License: MIT Python 3.10+ CI PyPI version

OpenAI-compatible HTTP server for OmniVoice text-to-speech.

Author: zamery (@maemreyo) | Email: matthew.ngo1114@gmail.com

⚠️ Early Development Notice

This is a new repository built on top of OmniVoice (released 2026). Both the upstream model and this server wrapper are under active development. Expect:

  • API changes and breaking updates
  • Performance improvements as PyTorch MPS support matures
  • New features and bug fixes
  • Documentation updates

Current Status: Functional on CPU and CUDA. MPS (Apple Silicon) has known issues. See Verification Status below.

Features

  • OpenAI-compatible API - Drop-in replacement for OpenAI TTS endpoints
  • Three voice modes:
    • Auto: Model selects voice automatically
    • Design: Specify voice attributes (gender, age, accent, pitch, style)
    • Clone: Voice cloning from reference audio
  • Voice profile management - Save and reuse cloned voices
  • Streaming synthesis - Low-latency sentence-level streaming
  • Concurrent requests - Configurable thread pool for parallel synthesis
  • Multiple audio formats - WAV and raw PCM output
  • Speed control - 0.25x to 4.0x playback speed
  • Optional authentication - Bearer token support
  • Production-ready - Request timeouts, health checks, metrics

Quick Start

Prerequisites

PyTorch must be installed before installing omnivoice-server. The correct PyTorch variant depends on your hardware:

# CPU only (works everywhere, but slow)
pip install torchcodec==0.11 torch==2.8.0 torchaudio==2.8.0 --index-url https://download.pytorch.org/whl/cpu

# NVIDIA GPU (CUDA) - recommended for production
pip install torchcodec==0.11 torch==2.8.0+cu128 torchaudio==2.8.0+cu128 --index-url https://download.pytorch.org/whl/cu128

# Apple Silicon (MPS) - currently broken, use CPU instead
# See docs/verification/MPS_ISSUE.md for details

For other CUDA versions or more options, see the official PyTorch installation guide.

Installation

# Option 1: Install from PyPI (recommended)
pip install omnivoice-server

# Option 2: Install with uv (faster)
uv tool install omnivoice-server

# Option 3: Install from GitHub (latest development version)
pip install git+https://github.com/maemreyo/omnivoice-server.git

# Option 4: Clone and install locally for development
git clone https://github.com/maemreyo/omnivoice-server.git
cd omnivoice-server
pip install -e .

Start the Server

# Basic usage (downloads model on first run)
omnivoice-server

# With custom settings
omnivoice-server --host 0.0.0.0 --port 8880 --device cuda

# With authentication
export OMNIVOICE_API_KEY="your-secret-key"
omnivoice-server

The server will start at http://127.0.0.1:8880 by default.

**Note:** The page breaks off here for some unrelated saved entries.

(* Let $h\in\widehat{\operatorname{IET}^{\bowtie}}$. Then there exist $f,g\in\widehat{\operatorname{IET}^{+}_{\mathrm{rc}}}$, finite products of flips $r,s$, and finitely supported permutations $\sigma,\tau$ of $[0,1[$ such that $h=r\sigma f=g\tau s$.
   Context: $X=[0,1[$. $\widehat{\operatorname{IET}^{\bowtie}}$ is the group of bijections $f:X\to X$ for which there is a finite partition of $X$ into intervals $[a,b[$ such that on each open interval $]a,b[$, $f$ is of the form $x\mapsto x+c$ or $x\mapsto -x+c$. $\widehat{\operatorname{IET}^{+}}$ is the subgroup of those for which only the form $x\mapsto x+c$ occurs, and $\widehat{\operatorname{IET}^{+}_{\mathrm{rc}}}$ is the subgroup of right-continuous elements of $\widehat{\operatorname{IET}^{+}}$. For a nonempty interval $I=[a,b[\subseteq X$, the $I$-flip is the bijection of $X$ which maps $x\mapsto a+b-x$ on $]a,b[$ and fixes every other point of $X$ (including $a$); a flip is an $I$-flip for some such $I$. *)

theory Defs
  imports "HOL-Analysis.Analysis"
begin

definition X :: "real set" where
  "X = {0..<1}"

definition perm_X :: "(real \<Rightarrow> real) \<Rightarrow> bool" where
  "perm_X f \<longleftrightarrow> bij_betw f X X \<and> (\<forall>x. x \<notin> X \<longrightarrow> f x = x)"

definition pw_isom :: "bool \<Rightarrow> (real \<Rightarrow> real) \<Rightarrow> bool" where
  "pw_isom allow_flip f \<longleftrightarrow>
     (\<exists>(n::nat) (t::nat \<Rightarrow> real). t 0 = 0 \<and> t n = 1 \<and> (\<forall>i<n. t i < t (Suc i)) \<and>
        (\<forall>i<n. \<exists>c. (\<forall>x. t i < x \<and> x < t (Suc i) \<longrightarrow> f x = x + c) \<or>
                   (allow_flip \<and> (\<forall>x. t i < x \<and> x < t (Suc i) \<longrightarrow> f x = - x + c))))"

definition IET_hat_flip :: "(real \<Rightarrow> real) \<Rightarrow> bool" where
  "IET_hat_flip f \<longleftrightarrow> perm_X f \<and> pw_isom True f"

definition IET_hat_plus :: "(real \<Rightarrow> real) \<Rightarrow> bool" where
  "IET_hat_plus f \<longleftrightarrow> perm_X f \<and> pw_isom False f"
(* For any $\delta>0$ and $n\ge\lambda\ge 14\log\frac{4}{\delta}$, the algorithm $C_\lambda$ is $(\varepsilon,\delta)$-differentially private where \[ \varepsilon=\sqrt{\frac{32\log\frac{4}{\delta}}{\lambda-\sqrt{2\lambda\log\frac{2}{\delta}}}}\cdot\left(1-\frac{\lambda-\sqrt{2\lambda\log\frac{2}{\delta}}}{n}\right). \]
   Context: The algorithm $C_\lambda$ on input $(x_1,\dots,x_n)\in\{0,1\}^n$: sample $s\sim\mathrm{Bin}(n,\lambda/n)$; choose $H$ uniformly at random among subsets of $[n]$ of size $s$; output $\sum_{i\notin H}x_i+B$ where $B\sim\mathrm{Bin}(s,1/2)$ is independent. An algorithm $M$ on $\{0,1\}^n$ is $(\varepsilon,\delta)$-differentially private if for all $X,X'$ differing in one coordinate and every set $W$ of outputs, $\Pr[M(X)\in W]\le e^{\varepsilon}\Pr[M(X')\in W]+\delta$. $\log$ is the natural logarithm. *)

theory Defs
  imports "HOL-Probability.Probability"
begin

definition C_alg :: "real \<Rightarrow> nat \<Rightarrow> bool list \<Rightarrow> nat pmf" where
  "C_alg lam n xs =
     do {
       s \<leftarrow> binomial_pmf n (lam / real n);
       H \<leftarrow> pmf_of_set {H. H \<subseteq> {..<n} \<and> card H = s};
       B \<leftarrow> binomial_pmf s (1/2);
       return_pmf ((\<Sum>i\<in>{..<n} - H. (if xs ! i then 1 else 0)) + B)
     }"
lemma density_from_corrected_bump:
  assumes "0 < \<eta>"
    and b: "b \<in> admissible" "\<And>x. \<eta> \<le> norm x \<Longrightarrow> b x = 0" "moment w b \<le> \<eta> / 3 * mass b"
    and g: "g \<in> admissible" "moment id g = - moment id b" "cost g \<le> \<eta> / 3 * mass b"
    and h: "h \<in> admissible" "\<And>x. 0 < h x" "moment id h = 0"
    and \<delta>: "0 < \<delta>" "\<delta> * cost h < \<eta> / 3 * mass b"
  shows "\<exists>f. small_centered_density \<eta> f"
proof -
  define k where "k = (\<lambda>x. g x + \<delta> * h x)"
  have k: "k \<in> admissible"
    unfolding k_def using g h \<delta> by (intro admissible_add admissible_scale) auto
  have moment_k: "moment \<phi> k = moment \<phi> g + \<delta> *\<^sub>R moment \<phi> h" if "moment_weight \<phi>"
    for \<phi> :: "'a \<Rightarrow> 'b::{banach,second_countable_topology}"
    unfolding k_def using g h \<delta> that by (simp add: moment_add admissible_scale moment_scale)
  have cost_k: "cost k < 2 / 3 * \<eta> * mass b"
    using moment_k[OF moment_weights(4)] g(3) \<delta>(2) by simp
  have le_cost_k: "mass k \<le> cost k" "moment w k \<le> cost k"
    using w_nonneg by (auto intro!: moment_mono[OF k] simp: moment_weights)
  define f where "f = (\<lambda>x. b x + k x)"
  have f: "f \<in> admissible"
    unfolding f_def using b(1) k by (rule admissible_add)
  have moment_f: "moment \<phi> f = moment \<phi> b + moment \<phi> k" if "moment_weight \<phi>"
    for \<phi> :: "'a \<Rightarrow> 'b::{banach,second_countable_topology}"
    unfolding f_def using b(1) k that by (rule moment_add)
  have "mass b \<le> mass f"
    using moment_f[OF moment_weights(2)] moment_nonneg[OF k, of "\<lambda>_. 1"] by simp
  then have "\<eta> * mass b \<le> \<eta> * mass f"
    using \<open>0 < \<eta>\<close> by simp
  have "0 \<le> \<eta> * mass b"
    using \<open>0 < \<eta>\<close> moment_nonneg[OF b(1), of "\<lambda>_. 1"] by simp
  show ?thesis
  proof (rule normalized_density[OF f])
    show "0 < f x" for x
      using admissible_nonneg[OF b(1)] admissible_nonneg[OF g(1)] h(2) \<delta>(1)
      by (simp add: f_def k_def add_nonneg_pos)
    show "moment id f = 0"
      using moment_f[OF moment_weights(1)] moment_k[OF moment_weights(1)] g(2) h(3) by simp
    show "moment w f < \<eta> * mass f"
      using moment_f[OF moment_weights(3)] b(3) le_cost_k(2) cost_k \<open>\<eta> * mass b \<le> \<eta> * mass f\<close>
      by simp
    have "(\<integral>\<omega>. f (Y \<omega>) * indicator {x. norm x \<ge> \<eta>} (Y \<omega>) \<partial>M) \<le> mass k"
      using f k b(2) by (intro tail_integral_le_mass) (simp_all add: f_def)
    then show "(\<integral>\<omega>. f (Y \<omega>) * indicator {x. norm x \<ge> \<eta>} (Y \<omega>) \<partial>M) < \<eta> * mass f"
      using le_cost_k(1) cost_k \<open>0 \<le> \<eta> * mass b\<close> \<open>\<eta> * mass b \<le> \<eta> * mass f\<close>
      by linarith
  qed
qed
(* For $n\ge1$, the number of distinct Segre symbols $\tilde\sigma_A$ of elements $A\in O(n+1)$ equals $$s(n)=\sum_{j=0}^{[(n+1)/2]} p(j)\Big(\Big[\tfrac{n+1}{2}\Big]-j+1\Big),$$ where $p(k)$ is the number of partitions of $k$ ($p(0)=1$) and $[x]$ is the integer part.
   Context: Segre symbol of an orthogonal map $A$: $\tilde\sigma_A$ consists of (a) the multiset of $\dim_{\mathbb C}\ker(A-\lambda)$ over the distinct conjugate pairs $\{\lambda,\bar\lambda\}$ of non-real eigenvalues of $A$, and (b) the multiset of $\dim\ker(A-\varepsilon)$ over those $\varepsilon\in\{1,-1\}$ which are eigenvalues of $A$ (which of $\pm1$ gives which number is not recorded). *)

theory Defs
  imports Complex_Main "HOL-Library.Multiset" "Jordan_Normal_Form.Matrix_Kernel" "Jordan_Normal_Form.Char_Poly"
begin

definition orth_group :: "nat \<Rightarrow> real mat set" where
  "orth_group m = {A. A \<in> carrier_mat m m \<and> A * transpose_mat A = 1\<^sub>m m \<and> transpose_mat A * A = 1\<^sub>m m}"

definition eig_kernel_dim :: "'a::field mat \<Rightarrow> 'a \<Rightarrow> nat" where
  "eig_kernel_dim A l = kernel_dim (A - l \<cdot>\<^sub>m 1\<^sub>m (dim_row A))"

definition cmat :: "real mat \<Rightarrow> complex mat" where
  "cmat A = map_mat complex_of_real A"

definition conj_pairs :: "real mat \<Rightarrow> complex set set" where
  "conj_pairs A = {{l, cnj l} | l. eigenvalue (cmat A) l \<and> Im l \<noteq> 0}"

text \<open>Segre symbol: (a) multiset of complex dimensions dim_C ker(A - l) over the distinct
  conjugate pairs {l, cnj l} of non-real eigenvalues; (b) multiset of dim ker(A - e) over
  e in {1,-1} which are eigenvalues.\<close>
definition segre_symbol :: "real mat \<Rightarrow> nat multiset \<times> nat multiset" where
  "segre_symbol A =
    (image_mset (\<lambda>P. eig_kernel_dim (cmat A) (SOME l. l \<in> P)) (mset_set (conj_pairs A)),
     image_mset (\<lambda>e. eig_kernel_dim A e) (mset_set {e \<in> {1, -1}. eigenvalue A e}))"

definition partition_number :: "nat \<Rightarrow> nat" where
  "partition_number k = card {M :: nat multiset. 0 \<notin># M \<and> sum_mset M = k}"

definition s_count :: "nat \<Rightarrow> nat" where
  "s_count n = (\<Sum>j = 0..(n + 1) div 2. partition_number j * ((n + 1) div 2 - j + 1))"

end

theory Submission
  imports Defs "Jordan_Normal_Form.Jordan_Normal_Form_Existence" "Jordan_Normal_Form.Jordan_Normal_Form_Uniqueness"
begin

(* Over the complex numbers an orthogonal A in O(m) is unitary.  Its eigenvalues lie on the unit
   circle and ker (A - l)^2 = ker (A - l), so A is diagonalizable: the Jordan normal form of the
   complexification consists of 1x1 blocks, with an eigenvalue multiset D of size m that is
   invariant under conjugation.  The Segre symbol of A only depends on D: it is the pair
   (pair_symbol D, sign_symbol D) of the multiplicities of the conjugate pairs and of 1, -1. *)

section \<open>Kernel dimension is preserved by field homomorphisms\<close>

lemma kernel_dim_cong:
  assumes "mat_kernel A = mat_kernel B" "dim_col A = dim_col B"
  shows "kernel_dim A = kernel_dim B"
  unfolding kernel_dim_def using assms by simp

context field_hom
begin

lemma pivot_fun_hom:
  assumes "pivot_fun B f nc" "dim_col B = nc"
  shows "pivot_fun (mat\<^sub>h B) f nc"
proof -
  note p = pivot_funD[OF refl assms(1)]
  show ?thesis
  proof (rule pivot_funI[of _ "dim_row B"])
    fix i j assume i: "i < dim_row B" and j: "j < f i"
    from p(1)[OF i] j assms(2) have "j < dim_col B" by simp
    then show "mat\<^sub>h B $$ (i,j) = 0" using p(2)[OF i j] i by simp
  next
    fix i assume i: "i < dim_row B" and f: "f i < nc"
    then show "mat\<^sub>h B $$ (i,f i) = 1" using p(4)[OF i f] assms(2) by simp
  next
    fix i i' assume i: "i < dim_row B" and f: "f i < nc" and "i' < dim_row B" "i' \<noteq> i"
    then show "mat\<^sub>h B $$ (i',f i) = 0" using p(5)[OF i f] assms(2) by simp
  qed (insert p(1,3), auto)
qed

lemma row_hom_nonzero:
  assumes B: "B \<in> carrier_mat nr nc" and i: "i < nr"
  shows "row (mat\<^sub>h B) i \<noteq> 0\<^sub>v nc \<longleftrightarrow> row B i \<noteq> 0\<^sub>v nc"
  using B i by (auto simp: vec_eq_iff)

text \<open>The kernel dimension is read off a row echelon form obtained by Gauss--Jordan
  elimination; both the elimination and the count of nonzero rows commute with the homomorphism.\<close>

lemma kernel_dim_hom:
  assumes A: "A \<in> carrier_mat nr nc"
  shows "kernel_dim (mat\<^sub>h A) = kernel_dim A"
proof -
  define B where "B = gauss_jordan_single A"
  note g = gauss_jordan_single[OF A B_def[symmetric]]
  from g(4) obtain P Q where BPA: "B = P * A" and P: "P \<in> carrier_mat nr nr"
    and Q: "Q \<in> carrier_mat nr nr" and QP: "Q * P = 1\<^sub>m nr" by auto
  have B: "B \<in> carrier_mat nr nc" by (rule g(2))
  from g(3) obtain f where piv: "pivot_fun B f nc" unfolding row_echelon_form_def using B by auto
  have hA: "mat\<^sub>h A \<in> carrier_mat nr nc" and hB: "mat\<^sub>h B \<in> carrier_mat nr nc"
    and hP: "mat\<^sub>h P \<in> carrier_mat nr nr" and hQ: "mat\<^sub>h Q \<in> carrier_mat nr nr"
    using A B P Q by auto
  have hBPA: "mat\<^sub>h B = mat\<^sub>h P * mat\<^sub>h A" unfolding BPA by (rule mat_hom_mult[OF P A])
  have hQP: "mat\<^sub>h Q * mat\<^sub>h P = 1\<^sub>m nr" using mat_hom_mult[OF Q P] QP by (simp add: mat_hom_one)
  have ref: "row_echelon_form (mat\<^sub>h B)"
    unfolding row_echelon_form_def using pivot_fun_hom[OF piv] B by auto
  have "kernel_dim (mat\<^sub>h A) = kernel_dim (mat\<^sub>h B)"
    unfolding hBPA using mat_kernel_mult_eq[OF hA hP hQ hQP] hA hP
    by (intro kernel_dim_cong, auto)
  also have "\<dots> = nc - card {i. i < nr \<and> row (mat\<^sub>h B) i \<noteq> 0\<^sub>v nc}"
    using find_base_vectors(6)[OF ref hB] hB unfolding kernel_dim_def by simp
  also have "{i. i < nr \<and> row (mat\<^sub>h B) i \<noteq> 0\<^sub>v nc} = {i. i < nr \<and> row B i \<noteq> 0\<^sub>v nc}"
    using row_hom_nonzero[OF B] by auto
  also have "nc - card \<dots> = kernel_dim B"
    using find_base_vectors(6)[OF g(3) B] B unfolding kernel_dim_def by simp
  also have "\<dots> = kernel_dim A"
    unfolding BPA using mat_kernel_mult_eq[OF A P Q QP] A P
    by (intro kernel_dim_cong, auto)
  finally show ?thesis .
qed

end

text \<open>Complex conjugation is a field automorphism; it relates the eigenspaces of l and cnj l.\<close>

interpretation cnj_field_hom: field_hom cnj
  by (unfold_locales, auto)

section \<open>Complexified orthogonal matrices are unitary\<close>

lemma cmat_carrier [simp]: "A \<in> carrier_mat n m \<Longrightarrow> cmat A \<in> carrier_mat n m"
  unfolding cmat_def by simp

lemma cmat_dims [simp]: "dim_row (cmat A) = dim_row A" "dim_col (cmat A) = dim_col A"
  unfolding cmat_def by auto

lemma cmat_mult:
  "A \<in> carrier_mat n k \<Longrightarrow> B \<in> carrier_mat k m \<Longrightarrow> cmat (A * B) = cmat A * cmat B"
  unfolding cmat_def by (rule of_real_hom.mat_hom_mult)

lemma cmat_transpose: "cmat (transpose_mat A) = transpose_mat (cmat A)"
  unfolding cmat_def by (simp add: map_mat_transpose)

lemma cmat_one: "cmat (1\<^sub>m n) = 1\<^sub>m n"
  unfolding cmat_def by (rule of_real_hom.mat_hom_one)

lemma orth_carrier: "A \<in> orth_group m \<Longrightarrow> A \<in> carrier_mat m m"
  unfolding orth_group_def by auto

lemma orth_cmat_unitary:
  assumes "A \<in> orth_group m"
  shows "transpose_mat (cmat A) * cmat A = 1\<^sub>m m"
proof -
  have A: "A \<in> carrier_mat m m" and At: "transpose_mat A \<in> carrier_mat m m"
    using orth_carrier[OF assms] by auto
  from assms have "transpose_mat A * A = 1\<^sub>m m" unfolding orth_group_def by auto
  then show ?thesis using cmat_mult[OF At A] by (simp add: cmat_transpose cmat_one)
qed

lemma cmat_mult_conjugate:
  assumes A: "A \<in> carrier_mat nr nc" and x: "x \<in> carrier_vec nc"
  shows "cmat A *\<^sub>v conjugate x = conjugate (cmat A *\<^sub>v x)"
proof (rule eq_vecI)
  fix i assume "i < dim_vec (conjugate (cmat A *\<^sub>v x))"
  with A x show "(cmat A *\<^sub>v conjugate x) $ i = conjugate (cmat A *\<^sub>v x) $ i"
    by (simp add: scalar_prod_def cmat_def)
qed simp

lemma orth_preserves_inner:
  assumes O: "A \<in> orth_group m" and v: "v \<in> carrier_vec m" and w: "w \<in> carrier_vec m"
  shows "(cmat A *\<^sub>v v) \<bullet>c (cmat A *\<^sub>v w) = v \<bullet>c w"
proof -
  let ?U = "cmat A"
  have A: "A \<in> carrier_mat m m" using O by (rule orth_carrier)
  have U: "?U \<in> carrier_mat m m" and Ut: "transpose_mat ?U \<in> carrier_mat m m"
    and cw: "conjugate w \<in> carrier_vec m" using A w by auto
  have "(?U *\<^sub>v v) \<bullet>c (?U *\<^sub>v w) = (?U *\<^sub>v v) \<bullet> (?U *\<^sub>v conjugate w)"
    using cmat_mult_conjugate[OF A w] by simp
  also have "\<dots> = v \<bullet> (transpose_mat ?U *\<^sub>v (?U *\<^sub>v conjugate w))"
    using transpose_vec_mult_scalar[OF Ut, of "?U *\<^sub>v conjugate w" v] U v cw by simp
  also have "transpose_mat ?U *\<^sub>v (?U *\<^sub>v conjugate w) = (transpose_mat ?U * ?U) *\<^sub>v conjugate w"
    using Ut U cw by simp
  also have "\<dots> = conjugate w" using orth_cmat_unitary[OF O] cw by simp
  finally show ?thesis by simp
qed

lemma char_matrix_mult_vec:
  assumes U: "U \<in> carrier_mat n n" and v: "v \<in> carrier_vec n"
  shows "char_matrix U l *\<^sub>v v = U *\<^sub>v v - l \<cdot>\<^sub>v v"
proof -
  have "char_matrix U l *\<^sub>v v = U *\<^sub>v v + (- l) \<cdot>\<^sub>v v"
    unfolding char_matrix_def by (rule eq_vecI, insert U v, auto simp: add_scalar_prod_distrib[of _ n])
  also have "\<dots> = U *\<^sub>v v - l \<cdot>\<^sub>v v"
    by (rule eq_vecI, insert U v, auto)
  finally show ?thesis .
qed

lemma orth_eigenvalue_unit:
  assumes O: "A \<in> orth_group m" and ev: "eigenvector (cmat A) v l"
  shows "cmod l = 1"
proof -
  have A: "A \<in> carrier_mat m m" using O by (rule orth_carrier)
  from ev A have v: "v \<in> carrier_vec m" "v \<noteq> 0\<^sub>v m" "cmat A *\<^sub>v v = l \<cdot>\<^sub>v v"
    unfolding eigenvector_def by auto
  have "v \<bullet>c v = (cmat A *\<^sub>v v) \<bullet>c (cmat A *\<^sub>v v)" using orth_preserves_inner[OF O v(1) v(1)] by simp
  also have "\<dots> = (l * cnj l) * (v \<bullet>c v)"
    unfolding v(3) using v(1) by (simp add: conjugate_smult_vec)
  finally have eq: "(l * cnj l - 1) * (v \<bullet>c v) = 0" by (simp add: algebra_simps)
  have "v \<bullet>c v \<noteq> 0" using conjugate_square_eq_0_vec[OF v(1)] v(2) by simp
  with eq have "l * cnj l = 1" by simp
  then have "complex_of_real ((cmod l)^2) = 1" by (simp only: complex_norm_square)
  then have "(cmod l)^2 = 1" by (metis of_real_eq_1_iff)
  then show ?thesis using norm_ge_zero[of l] by (auto simp: power2_eq_1_iff)
qed

text \<open>For a unitary U, ker (U - l)^2 = ker (U - l): if w = (U - l) v satisfies U w = l w with
  |l| = 1, then w = U (cnj l w), so <U v, w> = <v, cnj l w> = l <v, w> and hence
  <w, w> = <U v - l v, w> = 0.\<close>

lemma orth_kernel_square:
  assumes O: "A \<in> orth_group m" and v: "v \<in> carrier_vec m"
    and NN: "char_matrix (cmat A) l *\<^sub>v (char_matrix (cmat A) l *\<^sub>v v) = 0\<^sub>v m"
  shows "char_matrix (cmat A) l *\<^sub>v v = 0\<^sub>v m"
proof (rule ccontr)
  let ?U = "cmat A"
  define w where "w = char_matrix ?U l *\<^sub>v v"
  assume "w \<noteq> 0\<^sub>v m"
  have U: "?U \<in> carrier_mat m m" using orth_carrier[OF O] by simp
  have w: "w \<in> carrier_vec m" unfolding w_def by (rule mult_mat_vec_carrier[OF char_matrix_closed[OF U] v])
  have w_expand: "w = ?U *\<^sub>v v - l \<cdot>\<^sub>v v" unfolding w_def by (rule char_matrix_mult_vec[OF U v])
  have "eigenvector ?U w l"
    unfolding eigenvector_char_matrix[OF U] using w \<open>w \<noteq> 0\<^sub>v m\<close> NN by (simp add: w_def)
  then have Uw: "?U *\<^sub>v w = l \<cdot>\<^sub>v w" and "cmod l = 1"
    using orth_eigenvalue_unit[OF O] unfolding eigenvector_def by auto
  then have "cnj l * l = 1" using complex_norm_square[of l] by (simp add: mult.commute)
  then have w_back: "?U *\<^sub>v (cnj l \<cdot>\<^sub>v w) = w"
    using U w Uw by (simp add: mult_mat_vec smult_smult_assoc)
  have "(?U *\<^sub>v v) \<bullet>c w = (?U *\<^sub>v v) \<bullet>c (?U *\<^sub>v (cnj l \<cdot>\<^sub>v w))" by (simp add: w_back)
  also have "\<dots> = v \<bullet>c (cnj l \<cdot>\<^sub>v w)" using orth_preserves_inner[OF O v] w by simp
  also have "\<dots> = l * (v \<bullet>c w)" using v w by (simp add: conjugate_smult_vec)
  finally have Uvw: "(?U *\<^sub>v v) \<bullet>c w = l * (v \<bullet>c w)" .
  have "w \<bullet>c w = (?U *\<^sub>v v - l \<cdot>\<^sub>v v) \<bullet>c w" by (simp only: w_expand[symmetric])
  also have "\<dots> = (?U *\<^sub>v v) \<bullet>c w - (l \<cdot>\<^sub>v v) \<bullet>c w"
    using U v w by (simp add: minus_scalar_prod_distrib[of _ m])
  also have "\<dots> = 0" using Uvw v w by simp
  finally have "w \<bullet>c w = 0" .
  with conjugate_square_eq_0_vec[OF w] \<open>w \<noteq> 0\<^sub>v m\<close> show False by simp
qed

lemma orth_dim_gen_eigenspace:
  assumes O: "A \<in> orth_group m"
  shows "dim_gen_eigenspace (cmat A) l 2 = dim_gen_eigenspace (cmat A) l 1"
proof -
  let ?N = "char_matrix (cmat A) l"
  have N: "?N \<in> carrier_mat m m" using orth_carrier[OF O] by simp
  have "mat_kernel (?N * ?N) = mat_kernel ?N"
  proof
    show "mat_kernel ?N \<subseteq> mat_kernel (?N * ?N)" by (rule mat_kernel_mult_subset[OF N N])
    show "mat_kernel (?N * ?N) \<subseteq> mat_kernel ?N"
    proof
      fix v assume "v \<in> mat_kernel (?N * ?N)"
      then have v: "v \<in> carrier_vec m" and "?N *\<^sub>v (?N *\<^sub>v v) = 0\<^sub>v m"
        using N by (auto simp: mat_kernel_def)
      from orth_kernel_square[OF O this] show "v \<in> mat_kernel ?N"
        using N v by (intro mat_kernelI, auto)
    qed
  qed
  then show ?thesis unfolding dim_gen_eigenspace_def
    using N by (intro kernel_dim_cong, auto simp: numeral_2_eq_2)
qed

/v1/audio/speech accepts explicit instructions, plus OpenAI-style preset names in voice or speaker. If none are provided, it falls back to the default design prompt: male, middle-aged, moderate pitch, british accent

⚠️ Verification Status

Last Updated: 2026-04-04 Status: ✅ Working (CPU only)

Quick Summary

  • System works - Produces clear, high-quality audio for English and Vietnamese
  • MPS broken - Apple Silicon GPU has PyTorch bugs, use CPU instead
  • ⚠️ CPU slow - RTF=4.92 (5x slower than real-time, ~10s per voice)
  • No memory leaks - Stable memory usage verified

Benchmark Results (CPU)

Metric Value Status
Latency (mean) 10.2 seconds ⚠️ Slow
RTF (Real-Time Factor) 4.92 ⚠️ 5x slower than real-time
Memory leak None ✅ Stable
Audio quality Excellent ✅ Clear speech

Production Recommendation

For production, deploy on NVIDIA GPU (CUDA):

  • 20-25x faster than CPU (RTF~0.2)
  • Cloud options: AWS g5.xlarge ($1/hr), GCP T4/V100, RunPod ($0.40/hr)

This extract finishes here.